[[ Data shown open ]]

(* Let $(u,\mu)$ be a weak conservative solution of the Hunter--Saxton equation, $T>0$, $F(t,x)=\mu(t,(-\infty,x))$, and let $D>0$ be such that $|u(t,x)-u(s,y)|\le D(|t-s|+|x-y|)^{1/2}$ for all $(t,x),(s,y)\in[0,T]\times\mathbb{R}$. Then there is a constant $M>0$, depending only on $D$, $T$ and $\|u(0,\cdot)\|_{L^\infty}$, such that for every solution $x(\cdot)$ of $\dot x(t)=u(t,x(t))$ on $[0,T]$, $$F(0,x(0)+)\le F\big(t,\,x(0)+u(0,x(0))t+Mt^{3/2}+\big)\qquad\text{for all }t\in[0,T],$$ where $F(t,z+)=\lim_{w\downarrow z}F(t,w)$.
   Context: The Hunter--Saxton equation is $u_t+uu_x=\tfrac14\big(\int_{-\infty}^x d\mu(t,z)-\int_x^{\infty}d\mu(t,z)\big)$, $\mu_t+(u\mu)_x=0$. Fix $\psi^\pm\in C^\infty(\mathbb{R})$ with $\psi^++\psi^-\equiv1$, $0\le\psi^\pm\le1$, $\operatorname{supp}\psi^-\subset(-\infty,1)$, $\operatorname{supp}\psi^+\subset(-1,\infty)$. $E_1=\{\bar f+a\psi^+:\bar f\in H^1,a\in\mathbb{R}\}$, $E_2=\{\bar f+a\psi^++b\psi^-:\bar f\in H^1,a,b\in\mathbb{R}\}$; $E_1^0,E_2^0$ analogously with $\bar f\in L^2$, normed by $(\|\bar f\|_{L^2}^2+a^2)^{1/2}$ resp. $(\|\bar f\|_{L^2}^2+a^2+b^2)^{1/2}$. $\mathcal{D}$: pairs $(u,\mu)$, $u\in E_2$, $\mu$ positive finite Radon measure, $\mu((-\infty,\cdot))\in E_1^0$, $d\mu_{\rm ac}=u_x^2dx$. A weak conservative solution with initial data in $\mathcal{D}$ is a pair $(u,\mu)$ with: (i) $u(t,\cdot)\in E_2$; (ii) $\mu(t,(-\infty,\cdot))\in E_1^0$, $d\mu_{\rm ac}(t)=u_x^2(t,\cdot)dx$; (iii) for all $\phi\in C_c^\infty([0,\infty)\times\mathbb{R})$: $\int_0^\infty\!\int[u\phi_t+\tfrac12u^2\phi_x+\tfrac14(\int_{-\infty}^xd\mu(t)-\int_x^\infty d\mu(t))\phi]dxdt=-\int u\phi|_{t=0}dx$ and $\int_0^\infty\!\int(\phi_t+u\phi_x)d\mu(t)dt=-\int\phi|_{t=0}d\mu(0)$; (iv) for every $T>0$, $u$ Hölder continuous on $[0,T]\times\mathbb{R}$ and $t\mapsto u(t,\cdot)$ Lipschitz $[0,T]\to E_2^0$; (v) for a.e. $t$, $\mu(t)$ absolutely continuous with density $u_x^2(t,\cdot)$; (vi) $t\mapsto\mu(t)$ weakly continuous. *)

theory Defs
  imports "HOL-Analysis.Analysis"
begin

[[ Data shown closed ]]

Task prompt
Return all data verbatim.

Exercise answer
(* Let $(u,\mu)$ be a weak conservative solution of the Hunter--Saxton equation, $T>0$, $F(t,x)=\mu(t,(-\infty,x))$, and let $D>0$ be such that $|u(t,x)-u(s,y)|\le D(|t-s|+|x-y|)^{1/2}$ for all $(t,x),(s,y)\in[0,T]\times\mathbb{R}$. Then there is a constant $M>0$, depending only on $D$, $T$ and $\|u(0,\cdot)\|_{L^\infty}$, such that for every solution $x(\cdot)$ of $\dot x(t)=u(t,x(t))$ on $[0,T]$, $$F(0,x(0)+)\le F\big(t,\,x(0)+u(0,x(0))t+Mt^{3/2}+\big)\qquad\text{for all }t\in[0,T],$$ where $F(t,z+)=\lim_{w\downarrow z}F(t,w)$.
   Context: The Hunter--Saxton equation is $u_t+uu_x=\tfrac14\big(\int_{-\infty}^x d\mu(t,z)-\int_x^{\infty}d\mu(t,z)\big)$, $\mu_t+(u\mu)_x=0$. Fix $\psi^\pm\in C^\infty(\mathbb{R})$ with $\psi^++\psi^-\equiv1$, $0\le\psi^\pm\le1$, $\operatorname{supp}\psi^-\subset(-\infty,1)$, $\operatorname{supp}\psi^+\subset(-1,\infty)$. $E_1=\{\bar f+a\psi^+:\bar f\in H^1,a\in\mathbb{R}\}$, $E_2=\{\bar f+a\psi^++b\psi^-:\bar f\in H^1,a,b\in\mathbb{R}\}$; $E_1^0,E_2^0$ analogously with $\bar f\in L^2$, normed by $(\|\bar f\|_{L^2}^2+a^2)^{1/2}$ resp. $(\|\bar f\|_{L^2}^2+a^2+b^2)^{1/2}$. $\mathcal{D}$: pairs $(u,\mu)$, $u\in E_2$, $\mu$ positive finite Radon measure, $\mu((-\infty,\cdot))\in E_1^0$, $d\mu_{\rm ac}=u_x^2dx$. A weak conservative solution with initial data in $\mathcal{D}$ is a pair $(u,\mu)$ with: (i) $u(t,\cdot)\in E_2$; (ii) $\mu(t,(-\infty,\cdot))\in E_1^0$, $d\mu_{\rm ac}(t)=u_x^2(t,\cdot)dx$; (iii) for all $\phi\in C_c^\infty([0,\infty)\times\mathbb{R})$: $\int_0^\infty\!\int[u\phi_t+\tfrac12u^2\phi_x+\tfrac14(\int_{-\infty}^xd\mu(t)-\int_x^\infty d\mu(t))\phi]dxdt=-\int u\phi|_{t=0}dx$ and $\int_0^\infty\!\int(\phi_t+u\phi_x)d\mu(t)dt=-\int\phi|_{t=0}d\mu(0)$; (iv) for every $T>0$, $u$ Hölder continuous on $[0,T]\times\mathbb{R}$ and $t\mapsto u(t,\cdot)$ Lipschitz $[0,T]\to E_2^0$; (v) for a.e. $t$, $\mu(t)$ absolutely continuous with density $u_x^2(t,\cdot)$; (vi) $t\mapsto\mu(t)$ weakly continuous. *)

theory Defs
  imports "HOL-Analysis.Analysis"
begin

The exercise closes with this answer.